Два мальчика-подростка, Нил и Саймон, с мышечной дистрофией, без надежды когда-либо обрести подвижность: лежат бок о бок, слегка раскинув ручки-прутики по чистым простыням, обтянутые умненькие лица с открытыми ртами – подвздёрнуты под странным углом среди подушек. Тринадцатилетняя Роза страдает анорексией (вес тридцать два килограмма): беззащитные глаза закрыты от мира, который она не хочет знать, белые ручки сложены как у монахини, под остреньким подбородком, нет, даже, кажется, на груди. Гарри, выбритый, с раздувшимся черепом, тяжёлыми выкаченными глазами, имеет вид суровый и ужасный, в костях его цветёт смерть. В нижнем подвижном ярусе здешнего населения – переполох, бегут трусцой, заплетающимися ножками, кто-то в больничных халатиках, словно гномы из «Белоснежки», кто-то в собственном праздничном наряде. Чарли, восьми лет, с раком тазобедренного сустава, лихо катит, примостясь полулёжа на шасси детской коляски, гребя руками-ластами: оливковое огромное лицо – у них у всех слишком большие лица – мимолётно, чуть ли не пренебрежительно ухмыльнулось, в тот момент как умело объехал он ноги Стефани (появлению его предшествовало лёгкое зловоние, и следом за ним тоже повис запах гнили, с примесью хлорки). Вот на деревянных колодках, пристёгнутых к культяпкам бёдер, проковылял безногий Майк, чья единственная сморщенная рука длинным конусом сходит на нет. Вот Мэри в прелестном розовом платье, из которого торчат жёлтые ручки-клешни и голова с лицом, сотворённым пластическими хирургами из присаженных лоскутков кожи, оттенками от желтовато-пергаментного до виноградно-лилового. У Мэри нет ресниц, бровей, губ, волос, лишь развевается над левым ухом одна белокурая прядь, свежевымытая. Мэри больше раза падала в открытый огонь, возможно не без чьей-то злой помощи. Мэри никогда никто не навещал в больнице. Отправляясь же изредка домой, она вскоре поступала обратно с новым шрамом от падения или с мокнущим лоскутком кожи.
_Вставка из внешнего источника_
lemma subst_monom_superset:
  "finite S \<Longrightarrow> Poly_Mapping.keys m \<subseteq> S \<Longrightarrow> subst_monom r m = (\<Prod>w\<in>S. r w ^ Poly_Mapping.lookup m w)"
  unfolding subst_monom_def by (rule prod.mono_neutral_left) (auto simp: in_keys_iff)

lemma subst_monom_add: "subst_monom r (m1 + m2) = subst_monom r m1 * subst_monom r m2"
proof -
  let ?S = "Poly_Mapping.keys m1 \<union> Poly_Mapping.keys m2"
  have "subst_monom r (m1 + m2) = (\<Prod>w\<in>?S. r w ^ Poly_Mapping.lookup (m1 + m2) w)"
    by (rule subst_monom_superset) (auto simp: keys_add)
  also have "\<dots> = (\<Prod>w\<in>?S. r w ^ Poly_Mapping.lookup m1 w) * (\<Prod>w\<in>?S. r w ^ Poly_Mapping.lookup m2 w)"
    by (simp add: lookup_add power_add prod.distrib)
  also have "\<dots> = subst_monom r m1 * subst_monom r m2"
    using subst_monom_superset[of ?S m1 r] subst_monom_superset[of ?S m2 r] by simp
  finally show ?thesis .
qed

lemma subst_mpoly_superset:
  "finite S \<Longrightarrow> Poly_Mapping.keys p \<subseteq> S \<Longrightarrow>
    subst_mpoly r p = (\<Sum>m\<in>S. mconst (Poly_Mapping.lookup p m) * subst_monom r m)"
  unfolding subst_mpoly_def by (rule sum.mono_neutral_left) (auto simp: in_keys_iff)

lemma subst_mpoly_add: "subst_mpoly r (p + q) = subst_mpoly r p + subst_mpoly r q"
proof -
  let ?S = "Poly_Mapping.keys p \<union> Poly_Mapping.keys q"
  have "subst_mpoly r (p + q) = (\<Sum>m\<in>?S. mconst (Poly_Mapping.lookup (p + q) m) * subst_monom r m)"
    by (rule subst_mpoly_superset) (auto simp: keys_add)
  also have "\<dots> = (\<Sum>m\<in>?S. mconst (Poly_Mapping.lookup p m) * subst_monom r m)
      + (\<Sum>m\<in>?S. mconst (Poly_Mapping.lookup q m) * subst_monom r m)"
    by (simp add: lookup_add single_add distrib_right sum.distrib)
  also have "\<dots> = subst_mpoly r p + subst_mpoly r q"
    using subst_mpoly_superset[of ?S p r] subst_mpoly_superset[of ?S q r] by simp
  finally show ?thesis .
qed

lemma subst_mpoly_zero [simp]: "subst_mpoly r 0 = 0"
  by (simp add: subst_mpoly_def)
Стефани подхватила Мэри на руки – девочке это нравилось – и, усадив на бедро, путешествовала с ней от кровати к кровати. Между Мэри и не рождённым пока ребёнком – защитная оболочка из растянутых мышц, эластичный, герметично запечатанный бочонок с околоплодной жидкостью, в которой покоится, нежится, поворачивается дитя, поводит ещё не вполне сформировавшейся ручкой или ножкой…
За распашными дверями – младенцы после операции по исправлению заячьей губы или же крошечные создания, которым – из-за какого-то сбоя в работе клеток, ДНК, – во время вынашивания не досталось пищевода, или заднего прохода, или раздельных пальчиков, так что теперь это всё восполняют им доктора-мастера. В инкубаторе лежит младенчик, нагой, золотисто-коричневый, совершенно прекрасный, если не считать того, что обе ножки, сломанные в процессе родов, у него на вытяжке, под колпаком из органического стекла нашлось место для шкивного механизма с грузиками…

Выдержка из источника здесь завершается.